Required action: Repeat exactly, and only, the lines of the entries below from the one with "definition sigma2 :: qop where" through the one with "1 then sigma1", both ends included.

Data items:
──────────

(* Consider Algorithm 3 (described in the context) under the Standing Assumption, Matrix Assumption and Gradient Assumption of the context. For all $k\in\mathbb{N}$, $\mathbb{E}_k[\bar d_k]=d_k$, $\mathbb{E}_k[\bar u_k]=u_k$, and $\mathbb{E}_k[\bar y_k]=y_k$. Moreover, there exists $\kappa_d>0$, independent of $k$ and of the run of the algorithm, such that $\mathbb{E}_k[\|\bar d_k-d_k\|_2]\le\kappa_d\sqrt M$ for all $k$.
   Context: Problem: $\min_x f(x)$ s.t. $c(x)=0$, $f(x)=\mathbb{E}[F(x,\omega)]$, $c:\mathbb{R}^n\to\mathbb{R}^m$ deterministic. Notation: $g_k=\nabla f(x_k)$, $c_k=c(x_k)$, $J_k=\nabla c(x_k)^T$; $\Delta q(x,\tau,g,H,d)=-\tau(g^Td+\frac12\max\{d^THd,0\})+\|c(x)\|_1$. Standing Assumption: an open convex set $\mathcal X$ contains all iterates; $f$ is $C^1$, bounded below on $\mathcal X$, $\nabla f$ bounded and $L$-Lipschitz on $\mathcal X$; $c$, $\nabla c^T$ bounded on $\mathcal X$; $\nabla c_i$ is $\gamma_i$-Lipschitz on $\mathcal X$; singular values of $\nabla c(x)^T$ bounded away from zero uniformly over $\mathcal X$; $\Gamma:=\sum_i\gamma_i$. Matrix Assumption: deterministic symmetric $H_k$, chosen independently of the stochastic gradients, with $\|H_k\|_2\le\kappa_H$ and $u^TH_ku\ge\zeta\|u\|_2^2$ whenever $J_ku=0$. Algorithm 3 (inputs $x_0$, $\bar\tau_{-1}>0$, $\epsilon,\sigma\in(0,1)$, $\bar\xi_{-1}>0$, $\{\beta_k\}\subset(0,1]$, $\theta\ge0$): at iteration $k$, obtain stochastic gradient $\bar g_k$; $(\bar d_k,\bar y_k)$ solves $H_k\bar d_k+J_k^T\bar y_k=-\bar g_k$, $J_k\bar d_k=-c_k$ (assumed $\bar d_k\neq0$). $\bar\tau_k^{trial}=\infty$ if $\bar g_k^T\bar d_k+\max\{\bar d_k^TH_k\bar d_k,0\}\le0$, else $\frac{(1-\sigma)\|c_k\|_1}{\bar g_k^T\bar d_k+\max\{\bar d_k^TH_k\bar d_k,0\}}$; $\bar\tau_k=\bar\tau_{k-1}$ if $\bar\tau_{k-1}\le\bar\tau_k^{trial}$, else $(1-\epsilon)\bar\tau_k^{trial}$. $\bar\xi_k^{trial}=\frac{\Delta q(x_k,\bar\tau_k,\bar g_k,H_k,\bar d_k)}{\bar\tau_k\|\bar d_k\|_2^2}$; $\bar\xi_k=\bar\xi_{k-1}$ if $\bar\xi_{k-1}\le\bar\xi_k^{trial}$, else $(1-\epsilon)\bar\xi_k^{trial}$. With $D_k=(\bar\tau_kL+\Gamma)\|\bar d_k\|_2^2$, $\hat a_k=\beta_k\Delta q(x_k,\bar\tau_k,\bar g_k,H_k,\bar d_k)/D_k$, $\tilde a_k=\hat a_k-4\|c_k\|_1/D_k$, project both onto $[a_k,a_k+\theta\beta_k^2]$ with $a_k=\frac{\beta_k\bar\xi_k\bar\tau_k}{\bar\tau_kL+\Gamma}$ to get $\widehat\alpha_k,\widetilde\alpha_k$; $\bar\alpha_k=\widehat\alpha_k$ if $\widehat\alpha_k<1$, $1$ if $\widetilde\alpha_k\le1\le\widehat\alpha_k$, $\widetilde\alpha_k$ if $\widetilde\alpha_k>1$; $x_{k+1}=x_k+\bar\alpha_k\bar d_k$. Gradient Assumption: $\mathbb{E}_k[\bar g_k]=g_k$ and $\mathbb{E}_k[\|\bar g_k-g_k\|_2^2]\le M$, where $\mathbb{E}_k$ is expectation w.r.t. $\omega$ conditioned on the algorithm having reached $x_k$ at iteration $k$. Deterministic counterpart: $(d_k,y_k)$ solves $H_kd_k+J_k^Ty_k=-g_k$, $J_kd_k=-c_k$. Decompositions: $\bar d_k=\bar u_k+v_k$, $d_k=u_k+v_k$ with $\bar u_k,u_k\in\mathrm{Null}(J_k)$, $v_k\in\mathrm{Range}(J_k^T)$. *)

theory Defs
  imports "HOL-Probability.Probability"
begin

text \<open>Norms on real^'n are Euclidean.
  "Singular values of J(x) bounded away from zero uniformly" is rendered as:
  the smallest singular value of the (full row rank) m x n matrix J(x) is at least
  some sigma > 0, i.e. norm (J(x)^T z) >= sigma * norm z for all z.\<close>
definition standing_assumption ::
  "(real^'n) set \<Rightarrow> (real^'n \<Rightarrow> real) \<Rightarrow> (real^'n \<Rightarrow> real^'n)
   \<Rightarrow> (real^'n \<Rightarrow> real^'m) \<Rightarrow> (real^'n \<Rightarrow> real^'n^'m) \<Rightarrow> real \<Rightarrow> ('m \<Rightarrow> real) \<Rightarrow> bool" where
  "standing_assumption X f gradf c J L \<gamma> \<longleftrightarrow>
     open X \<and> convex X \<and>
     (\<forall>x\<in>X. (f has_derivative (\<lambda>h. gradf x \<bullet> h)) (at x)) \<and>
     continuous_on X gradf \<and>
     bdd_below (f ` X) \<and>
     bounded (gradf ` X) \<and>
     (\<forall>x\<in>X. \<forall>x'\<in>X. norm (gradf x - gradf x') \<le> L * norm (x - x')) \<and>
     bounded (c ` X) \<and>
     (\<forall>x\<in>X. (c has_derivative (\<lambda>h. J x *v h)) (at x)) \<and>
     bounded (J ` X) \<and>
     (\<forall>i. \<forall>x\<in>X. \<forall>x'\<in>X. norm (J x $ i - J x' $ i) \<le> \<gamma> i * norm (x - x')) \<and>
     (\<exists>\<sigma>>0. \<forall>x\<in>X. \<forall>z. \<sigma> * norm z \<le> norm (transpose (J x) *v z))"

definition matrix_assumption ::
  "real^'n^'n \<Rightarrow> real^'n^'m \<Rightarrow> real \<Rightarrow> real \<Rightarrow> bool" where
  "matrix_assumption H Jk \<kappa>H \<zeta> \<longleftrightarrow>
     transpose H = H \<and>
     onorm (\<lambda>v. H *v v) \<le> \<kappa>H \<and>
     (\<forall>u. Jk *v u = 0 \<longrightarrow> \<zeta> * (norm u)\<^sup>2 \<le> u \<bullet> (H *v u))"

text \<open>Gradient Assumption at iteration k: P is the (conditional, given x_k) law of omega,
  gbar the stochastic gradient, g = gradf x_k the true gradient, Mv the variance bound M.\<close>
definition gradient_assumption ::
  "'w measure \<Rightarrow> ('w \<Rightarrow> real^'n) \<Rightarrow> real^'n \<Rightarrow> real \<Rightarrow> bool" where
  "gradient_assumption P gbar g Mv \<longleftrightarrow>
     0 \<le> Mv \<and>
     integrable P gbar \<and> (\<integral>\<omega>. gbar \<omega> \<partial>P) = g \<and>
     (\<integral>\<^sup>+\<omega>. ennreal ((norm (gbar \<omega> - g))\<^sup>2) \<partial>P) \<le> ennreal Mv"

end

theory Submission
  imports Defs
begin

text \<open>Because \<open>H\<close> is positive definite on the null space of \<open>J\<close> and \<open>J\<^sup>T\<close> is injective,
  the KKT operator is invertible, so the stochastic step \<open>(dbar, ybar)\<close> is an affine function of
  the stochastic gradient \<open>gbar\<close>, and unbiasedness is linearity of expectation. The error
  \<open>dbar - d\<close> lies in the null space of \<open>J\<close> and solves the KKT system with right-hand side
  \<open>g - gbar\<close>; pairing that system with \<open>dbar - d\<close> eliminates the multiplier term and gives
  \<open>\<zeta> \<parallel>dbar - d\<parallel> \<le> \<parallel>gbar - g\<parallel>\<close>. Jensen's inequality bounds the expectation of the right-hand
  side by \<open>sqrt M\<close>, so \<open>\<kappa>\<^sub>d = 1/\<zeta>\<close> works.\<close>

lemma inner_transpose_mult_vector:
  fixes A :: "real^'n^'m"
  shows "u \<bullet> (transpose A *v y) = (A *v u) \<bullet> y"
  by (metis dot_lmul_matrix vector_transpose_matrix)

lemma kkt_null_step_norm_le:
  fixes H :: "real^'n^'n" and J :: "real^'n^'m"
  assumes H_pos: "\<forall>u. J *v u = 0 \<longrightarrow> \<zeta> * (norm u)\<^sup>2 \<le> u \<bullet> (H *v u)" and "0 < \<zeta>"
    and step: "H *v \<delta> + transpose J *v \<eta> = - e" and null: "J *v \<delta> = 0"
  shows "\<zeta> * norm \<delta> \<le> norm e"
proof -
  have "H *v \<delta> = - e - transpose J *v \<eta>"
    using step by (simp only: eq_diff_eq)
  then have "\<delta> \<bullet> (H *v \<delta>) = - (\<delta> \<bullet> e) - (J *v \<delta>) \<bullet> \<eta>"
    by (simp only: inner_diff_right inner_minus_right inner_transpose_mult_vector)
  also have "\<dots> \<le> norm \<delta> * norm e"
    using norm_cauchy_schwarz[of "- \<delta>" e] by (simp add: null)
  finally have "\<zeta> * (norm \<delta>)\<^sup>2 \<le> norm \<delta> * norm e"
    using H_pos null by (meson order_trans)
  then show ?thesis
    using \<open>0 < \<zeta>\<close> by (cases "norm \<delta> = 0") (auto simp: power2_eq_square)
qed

──────────

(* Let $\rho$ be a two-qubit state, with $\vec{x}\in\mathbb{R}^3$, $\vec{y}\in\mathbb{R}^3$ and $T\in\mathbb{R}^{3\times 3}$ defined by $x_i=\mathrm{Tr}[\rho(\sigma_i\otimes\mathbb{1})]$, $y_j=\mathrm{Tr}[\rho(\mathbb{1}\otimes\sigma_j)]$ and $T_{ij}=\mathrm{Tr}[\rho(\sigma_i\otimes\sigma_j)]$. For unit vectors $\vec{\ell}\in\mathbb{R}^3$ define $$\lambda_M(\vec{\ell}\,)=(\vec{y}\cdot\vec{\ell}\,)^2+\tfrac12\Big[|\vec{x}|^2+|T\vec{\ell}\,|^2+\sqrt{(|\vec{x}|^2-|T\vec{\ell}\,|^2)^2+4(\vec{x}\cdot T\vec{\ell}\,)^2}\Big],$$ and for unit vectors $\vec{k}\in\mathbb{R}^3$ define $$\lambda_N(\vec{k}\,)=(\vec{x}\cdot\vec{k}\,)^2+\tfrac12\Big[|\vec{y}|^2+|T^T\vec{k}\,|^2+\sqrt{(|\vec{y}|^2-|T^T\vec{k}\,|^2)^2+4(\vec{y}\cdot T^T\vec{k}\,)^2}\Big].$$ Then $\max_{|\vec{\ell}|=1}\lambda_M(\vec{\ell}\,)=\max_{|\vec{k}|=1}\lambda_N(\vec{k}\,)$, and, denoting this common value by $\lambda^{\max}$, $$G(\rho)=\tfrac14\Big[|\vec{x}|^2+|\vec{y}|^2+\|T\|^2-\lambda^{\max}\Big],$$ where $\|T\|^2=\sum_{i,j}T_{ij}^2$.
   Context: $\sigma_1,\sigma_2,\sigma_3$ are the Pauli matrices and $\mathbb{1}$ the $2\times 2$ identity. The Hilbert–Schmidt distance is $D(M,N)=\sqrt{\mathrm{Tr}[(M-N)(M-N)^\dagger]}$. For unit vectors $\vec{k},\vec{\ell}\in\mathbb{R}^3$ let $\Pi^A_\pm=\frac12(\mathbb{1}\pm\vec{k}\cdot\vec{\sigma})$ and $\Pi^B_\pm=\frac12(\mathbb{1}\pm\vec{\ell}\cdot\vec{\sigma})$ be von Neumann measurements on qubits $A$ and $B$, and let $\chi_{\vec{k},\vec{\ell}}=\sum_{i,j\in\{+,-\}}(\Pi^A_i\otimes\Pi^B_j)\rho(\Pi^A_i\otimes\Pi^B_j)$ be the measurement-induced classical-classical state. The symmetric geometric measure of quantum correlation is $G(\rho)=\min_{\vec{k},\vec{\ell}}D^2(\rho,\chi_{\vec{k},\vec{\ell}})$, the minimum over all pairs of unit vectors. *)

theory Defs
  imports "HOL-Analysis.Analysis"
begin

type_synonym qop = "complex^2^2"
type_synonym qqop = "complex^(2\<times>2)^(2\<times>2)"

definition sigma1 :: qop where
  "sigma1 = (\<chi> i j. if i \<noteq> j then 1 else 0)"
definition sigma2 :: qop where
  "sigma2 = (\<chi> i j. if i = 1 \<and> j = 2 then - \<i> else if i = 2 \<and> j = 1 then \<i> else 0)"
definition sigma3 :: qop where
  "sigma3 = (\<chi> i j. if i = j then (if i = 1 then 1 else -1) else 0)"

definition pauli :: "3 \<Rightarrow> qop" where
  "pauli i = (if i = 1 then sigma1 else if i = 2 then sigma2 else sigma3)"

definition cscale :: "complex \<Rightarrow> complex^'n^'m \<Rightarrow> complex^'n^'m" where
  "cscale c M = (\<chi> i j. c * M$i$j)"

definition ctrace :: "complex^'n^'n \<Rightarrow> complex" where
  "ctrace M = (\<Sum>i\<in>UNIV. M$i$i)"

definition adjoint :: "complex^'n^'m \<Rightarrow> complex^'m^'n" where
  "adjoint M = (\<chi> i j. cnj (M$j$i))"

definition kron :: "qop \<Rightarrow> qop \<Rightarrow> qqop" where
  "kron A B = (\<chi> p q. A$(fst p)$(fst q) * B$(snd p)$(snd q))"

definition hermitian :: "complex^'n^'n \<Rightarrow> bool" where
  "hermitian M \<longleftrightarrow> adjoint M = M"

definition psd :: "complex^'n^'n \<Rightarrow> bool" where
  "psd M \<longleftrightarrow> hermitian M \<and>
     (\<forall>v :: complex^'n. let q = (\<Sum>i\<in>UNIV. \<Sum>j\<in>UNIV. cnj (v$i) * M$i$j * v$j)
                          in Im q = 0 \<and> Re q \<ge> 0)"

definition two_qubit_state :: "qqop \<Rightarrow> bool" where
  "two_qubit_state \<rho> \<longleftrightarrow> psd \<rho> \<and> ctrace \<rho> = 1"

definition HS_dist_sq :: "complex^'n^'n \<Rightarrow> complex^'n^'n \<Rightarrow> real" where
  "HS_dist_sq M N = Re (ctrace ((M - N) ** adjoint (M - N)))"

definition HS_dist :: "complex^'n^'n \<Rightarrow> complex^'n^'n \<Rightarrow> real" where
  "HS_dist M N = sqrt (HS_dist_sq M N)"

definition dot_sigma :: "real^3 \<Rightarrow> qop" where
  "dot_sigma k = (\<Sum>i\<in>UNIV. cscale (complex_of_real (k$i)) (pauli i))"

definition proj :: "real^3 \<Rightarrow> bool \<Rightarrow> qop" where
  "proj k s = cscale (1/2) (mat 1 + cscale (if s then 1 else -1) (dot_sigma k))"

──────────

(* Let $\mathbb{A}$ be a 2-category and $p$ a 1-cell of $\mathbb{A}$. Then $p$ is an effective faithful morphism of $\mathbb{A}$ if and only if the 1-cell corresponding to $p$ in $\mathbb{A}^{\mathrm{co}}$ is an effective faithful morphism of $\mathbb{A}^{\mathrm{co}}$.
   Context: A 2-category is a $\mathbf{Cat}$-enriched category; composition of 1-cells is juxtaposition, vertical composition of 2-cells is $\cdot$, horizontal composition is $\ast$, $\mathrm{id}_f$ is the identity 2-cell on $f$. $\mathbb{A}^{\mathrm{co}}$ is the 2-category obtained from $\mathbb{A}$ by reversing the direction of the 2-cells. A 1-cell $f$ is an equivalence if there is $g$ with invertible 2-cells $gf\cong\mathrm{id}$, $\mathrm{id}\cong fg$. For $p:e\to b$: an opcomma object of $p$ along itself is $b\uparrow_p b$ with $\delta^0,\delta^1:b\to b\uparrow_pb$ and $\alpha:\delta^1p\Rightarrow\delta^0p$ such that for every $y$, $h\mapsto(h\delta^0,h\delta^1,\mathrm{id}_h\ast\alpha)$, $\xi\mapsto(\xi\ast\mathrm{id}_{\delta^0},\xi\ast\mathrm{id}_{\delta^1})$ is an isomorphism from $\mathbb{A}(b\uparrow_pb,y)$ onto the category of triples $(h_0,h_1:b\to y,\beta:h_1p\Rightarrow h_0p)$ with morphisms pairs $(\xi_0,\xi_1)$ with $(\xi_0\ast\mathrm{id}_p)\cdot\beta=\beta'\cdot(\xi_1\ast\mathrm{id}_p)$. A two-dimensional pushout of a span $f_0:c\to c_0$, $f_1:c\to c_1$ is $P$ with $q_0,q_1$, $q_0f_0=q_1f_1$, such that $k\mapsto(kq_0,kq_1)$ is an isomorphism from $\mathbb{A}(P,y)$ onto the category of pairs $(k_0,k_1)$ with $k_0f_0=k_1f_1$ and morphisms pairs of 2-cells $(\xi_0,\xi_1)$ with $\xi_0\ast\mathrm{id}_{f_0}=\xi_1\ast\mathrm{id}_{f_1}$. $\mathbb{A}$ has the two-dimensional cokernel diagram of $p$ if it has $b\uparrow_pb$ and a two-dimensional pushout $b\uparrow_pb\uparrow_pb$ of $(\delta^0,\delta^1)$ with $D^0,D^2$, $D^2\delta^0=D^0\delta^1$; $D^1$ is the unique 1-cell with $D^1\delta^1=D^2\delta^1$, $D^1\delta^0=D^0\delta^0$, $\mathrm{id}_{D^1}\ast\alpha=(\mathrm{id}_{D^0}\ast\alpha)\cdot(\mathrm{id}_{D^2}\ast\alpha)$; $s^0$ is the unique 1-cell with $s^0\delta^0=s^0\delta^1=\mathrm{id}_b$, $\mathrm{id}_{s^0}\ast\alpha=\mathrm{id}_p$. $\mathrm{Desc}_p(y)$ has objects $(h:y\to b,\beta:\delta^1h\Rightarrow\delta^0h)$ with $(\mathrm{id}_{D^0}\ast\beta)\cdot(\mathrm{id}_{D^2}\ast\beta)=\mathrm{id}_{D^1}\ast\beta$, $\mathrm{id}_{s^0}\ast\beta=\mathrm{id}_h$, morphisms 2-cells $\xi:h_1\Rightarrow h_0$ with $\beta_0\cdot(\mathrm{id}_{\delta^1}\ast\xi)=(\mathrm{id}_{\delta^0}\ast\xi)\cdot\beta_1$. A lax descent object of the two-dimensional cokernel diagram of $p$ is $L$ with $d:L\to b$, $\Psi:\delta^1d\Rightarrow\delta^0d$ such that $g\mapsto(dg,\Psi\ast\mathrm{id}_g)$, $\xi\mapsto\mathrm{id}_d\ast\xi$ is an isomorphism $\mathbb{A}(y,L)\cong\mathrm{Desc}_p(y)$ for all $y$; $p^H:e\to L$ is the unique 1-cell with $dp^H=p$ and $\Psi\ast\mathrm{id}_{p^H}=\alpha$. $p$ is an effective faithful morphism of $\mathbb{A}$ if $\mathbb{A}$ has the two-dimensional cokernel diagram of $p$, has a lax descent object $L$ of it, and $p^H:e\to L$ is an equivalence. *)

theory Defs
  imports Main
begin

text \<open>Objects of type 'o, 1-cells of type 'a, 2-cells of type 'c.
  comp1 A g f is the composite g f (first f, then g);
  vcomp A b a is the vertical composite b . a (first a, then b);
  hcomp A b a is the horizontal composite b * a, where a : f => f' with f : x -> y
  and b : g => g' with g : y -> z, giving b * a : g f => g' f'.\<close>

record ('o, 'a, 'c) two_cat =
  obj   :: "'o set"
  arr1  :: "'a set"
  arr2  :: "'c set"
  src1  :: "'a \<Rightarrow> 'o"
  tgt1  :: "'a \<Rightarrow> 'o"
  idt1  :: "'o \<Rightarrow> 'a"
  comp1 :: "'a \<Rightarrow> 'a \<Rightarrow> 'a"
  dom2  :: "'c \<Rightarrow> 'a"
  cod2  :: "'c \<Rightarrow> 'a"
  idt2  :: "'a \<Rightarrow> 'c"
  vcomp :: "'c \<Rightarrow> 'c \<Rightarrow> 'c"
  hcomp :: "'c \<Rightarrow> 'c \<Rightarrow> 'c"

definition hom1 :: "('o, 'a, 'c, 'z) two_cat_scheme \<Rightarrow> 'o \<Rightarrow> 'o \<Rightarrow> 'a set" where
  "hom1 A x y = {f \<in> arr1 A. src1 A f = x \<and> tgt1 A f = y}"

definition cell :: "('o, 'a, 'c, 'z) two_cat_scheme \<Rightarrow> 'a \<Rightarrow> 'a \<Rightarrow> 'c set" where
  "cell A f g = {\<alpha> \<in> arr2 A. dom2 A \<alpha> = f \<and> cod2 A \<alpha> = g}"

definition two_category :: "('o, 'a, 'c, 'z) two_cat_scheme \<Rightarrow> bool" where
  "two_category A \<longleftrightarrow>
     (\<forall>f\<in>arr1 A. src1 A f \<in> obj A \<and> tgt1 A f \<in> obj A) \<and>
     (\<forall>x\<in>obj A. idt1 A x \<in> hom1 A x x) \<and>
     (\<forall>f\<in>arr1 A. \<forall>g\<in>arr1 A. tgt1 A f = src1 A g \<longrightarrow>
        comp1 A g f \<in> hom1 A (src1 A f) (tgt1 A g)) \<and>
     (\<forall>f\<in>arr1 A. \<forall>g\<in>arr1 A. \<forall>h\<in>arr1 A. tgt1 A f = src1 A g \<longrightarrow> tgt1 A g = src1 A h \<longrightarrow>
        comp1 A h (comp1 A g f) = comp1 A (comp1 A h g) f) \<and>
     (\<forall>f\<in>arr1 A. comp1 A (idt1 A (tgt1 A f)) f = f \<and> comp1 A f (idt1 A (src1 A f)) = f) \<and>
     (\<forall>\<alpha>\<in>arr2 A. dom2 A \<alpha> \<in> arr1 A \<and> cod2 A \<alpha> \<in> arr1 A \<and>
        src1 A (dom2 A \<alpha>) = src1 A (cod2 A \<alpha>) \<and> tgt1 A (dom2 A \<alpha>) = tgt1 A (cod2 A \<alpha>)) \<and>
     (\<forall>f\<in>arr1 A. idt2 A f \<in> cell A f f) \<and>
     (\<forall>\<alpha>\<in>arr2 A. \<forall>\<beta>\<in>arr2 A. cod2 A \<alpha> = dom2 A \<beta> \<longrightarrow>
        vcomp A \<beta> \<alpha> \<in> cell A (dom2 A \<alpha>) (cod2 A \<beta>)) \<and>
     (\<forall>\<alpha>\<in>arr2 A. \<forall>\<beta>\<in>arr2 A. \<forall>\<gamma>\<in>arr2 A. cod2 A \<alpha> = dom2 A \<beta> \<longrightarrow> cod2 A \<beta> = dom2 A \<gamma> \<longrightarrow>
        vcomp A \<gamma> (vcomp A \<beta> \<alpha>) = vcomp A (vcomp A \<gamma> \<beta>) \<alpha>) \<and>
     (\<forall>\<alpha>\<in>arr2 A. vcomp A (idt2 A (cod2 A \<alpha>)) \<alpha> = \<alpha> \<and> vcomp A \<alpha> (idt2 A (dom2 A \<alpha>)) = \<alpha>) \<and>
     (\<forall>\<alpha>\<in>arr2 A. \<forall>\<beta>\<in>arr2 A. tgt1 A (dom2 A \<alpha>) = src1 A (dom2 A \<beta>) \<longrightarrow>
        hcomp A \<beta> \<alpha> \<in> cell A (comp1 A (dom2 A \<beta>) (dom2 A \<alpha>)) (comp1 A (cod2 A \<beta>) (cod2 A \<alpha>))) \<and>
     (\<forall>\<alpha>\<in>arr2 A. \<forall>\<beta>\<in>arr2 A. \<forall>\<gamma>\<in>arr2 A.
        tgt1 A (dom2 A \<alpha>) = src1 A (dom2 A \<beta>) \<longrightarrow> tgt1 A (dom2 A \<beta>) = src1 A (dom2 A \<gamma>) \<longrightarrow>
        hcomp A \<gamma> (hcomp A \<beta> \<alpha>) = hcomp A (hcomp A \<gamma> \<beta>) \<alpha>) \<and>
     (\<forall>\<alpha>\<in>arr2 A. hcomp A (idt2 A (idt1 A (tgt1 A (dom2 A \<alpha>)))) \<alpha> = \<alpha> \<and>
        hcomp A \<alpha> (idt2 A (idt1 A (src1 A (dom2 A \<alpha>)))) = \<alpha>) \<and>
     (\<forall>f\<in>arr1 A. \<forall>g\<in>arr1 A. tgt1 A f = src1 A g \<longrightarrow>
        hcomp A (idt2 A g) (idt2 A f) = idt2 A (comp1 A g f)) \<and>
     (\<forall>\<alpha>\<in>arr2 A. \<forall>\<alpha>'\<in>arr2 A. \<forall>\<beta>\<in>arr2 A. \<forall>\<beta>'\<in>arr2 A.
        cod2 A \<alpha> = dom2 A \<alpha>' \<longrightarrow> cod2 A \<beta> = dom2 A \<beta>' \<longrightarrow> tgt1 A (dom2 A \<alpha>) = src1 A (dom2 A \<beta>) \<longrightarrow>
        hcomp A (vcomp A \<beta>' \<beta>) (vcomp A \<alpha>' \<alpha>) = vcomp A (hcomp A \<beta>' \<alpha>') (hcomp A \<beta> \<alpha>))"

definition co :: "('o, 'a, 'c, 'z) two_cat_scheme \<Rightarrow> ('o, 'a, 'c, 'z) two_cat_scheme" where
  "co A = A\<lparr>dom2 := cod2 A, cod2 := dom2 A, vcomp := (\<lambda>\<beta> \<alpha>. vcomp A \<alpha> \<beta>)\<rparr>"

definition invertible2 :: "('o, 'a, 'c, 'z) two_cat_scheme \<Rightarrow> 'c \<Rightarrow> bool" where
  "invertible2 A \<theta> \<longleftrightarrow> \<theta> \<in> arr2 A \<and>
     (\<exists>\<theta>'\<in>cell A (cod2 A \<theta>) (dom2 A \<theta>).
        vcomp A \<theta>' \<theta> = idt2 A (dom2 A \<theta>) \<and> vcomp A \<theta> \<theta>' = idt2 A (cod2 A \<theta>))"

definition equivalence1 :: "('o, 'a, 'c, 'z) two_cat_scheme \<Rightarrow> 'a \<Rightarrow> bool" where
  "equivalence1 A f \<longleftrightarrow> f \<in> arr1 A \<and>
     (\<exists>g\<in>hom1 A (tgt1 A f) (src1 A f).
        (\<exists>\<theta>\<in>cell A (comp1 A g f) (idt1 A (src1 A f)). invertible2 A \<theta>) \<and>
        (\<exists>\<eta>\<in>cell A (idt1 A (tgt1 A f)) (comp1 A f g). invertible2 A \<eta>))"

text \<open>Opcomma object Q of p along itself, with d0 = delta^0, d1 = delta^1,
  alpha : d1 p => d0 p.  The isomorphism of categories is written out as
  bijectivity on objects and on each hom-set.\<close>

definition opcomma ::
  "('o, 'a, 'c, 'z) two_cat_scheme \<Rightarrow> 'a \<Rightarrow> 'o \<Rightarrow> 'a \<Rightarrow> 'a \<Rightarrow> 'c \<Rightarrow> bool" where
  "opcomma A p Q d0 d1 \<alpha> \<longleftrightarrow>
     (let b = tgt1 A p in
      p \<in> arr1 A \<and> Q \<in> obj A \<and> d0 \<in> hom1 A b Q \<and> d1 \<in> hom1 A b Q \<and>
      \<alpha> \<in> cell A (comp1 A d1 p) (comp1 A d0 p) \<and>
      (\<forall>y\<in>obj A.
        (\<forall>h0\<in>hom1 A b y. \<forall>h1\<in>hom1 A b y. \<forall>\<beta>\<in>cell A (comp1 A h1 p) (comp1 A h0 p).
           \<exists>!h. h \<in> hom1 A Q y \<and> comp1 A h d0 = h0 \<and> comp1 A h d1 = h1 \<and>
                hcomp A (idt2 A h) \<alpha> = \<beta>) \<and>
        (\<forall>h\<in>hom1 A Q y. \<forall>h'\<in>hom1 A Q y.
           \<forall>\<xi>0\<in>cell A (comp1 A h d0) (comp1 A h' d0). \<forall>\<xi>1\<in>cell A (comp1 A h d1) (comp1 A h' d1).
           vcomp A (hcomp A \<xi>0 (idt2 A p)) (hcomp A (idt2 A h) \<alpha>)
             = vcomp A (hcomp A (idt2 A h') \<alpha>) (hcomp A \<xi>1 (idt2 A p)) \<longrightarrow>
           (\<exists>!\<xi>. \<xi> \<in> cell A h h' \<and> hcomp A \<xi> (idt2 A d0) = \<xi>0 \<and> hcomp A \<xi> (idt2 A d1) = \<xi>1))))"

──────────

Response below:
definition sigma2 :: qop where
  "sigma2 = (\<chi> i j. if i = 1 \<and> j = 2 then - \<i> else if i = 2 \<and> j = 1 then \<i> else 0)"
definition sigma3 :: qop where
  "sigma3 = (\<chi> i j. if i = j then (if i = 1 then 1 else -1) else 0)"

definition pauli :: "3 \<Rightarrow> qop" where
  "pauli i = (if i = 1 then sigma1 else if i = 2 then sigma2 else sigma3)"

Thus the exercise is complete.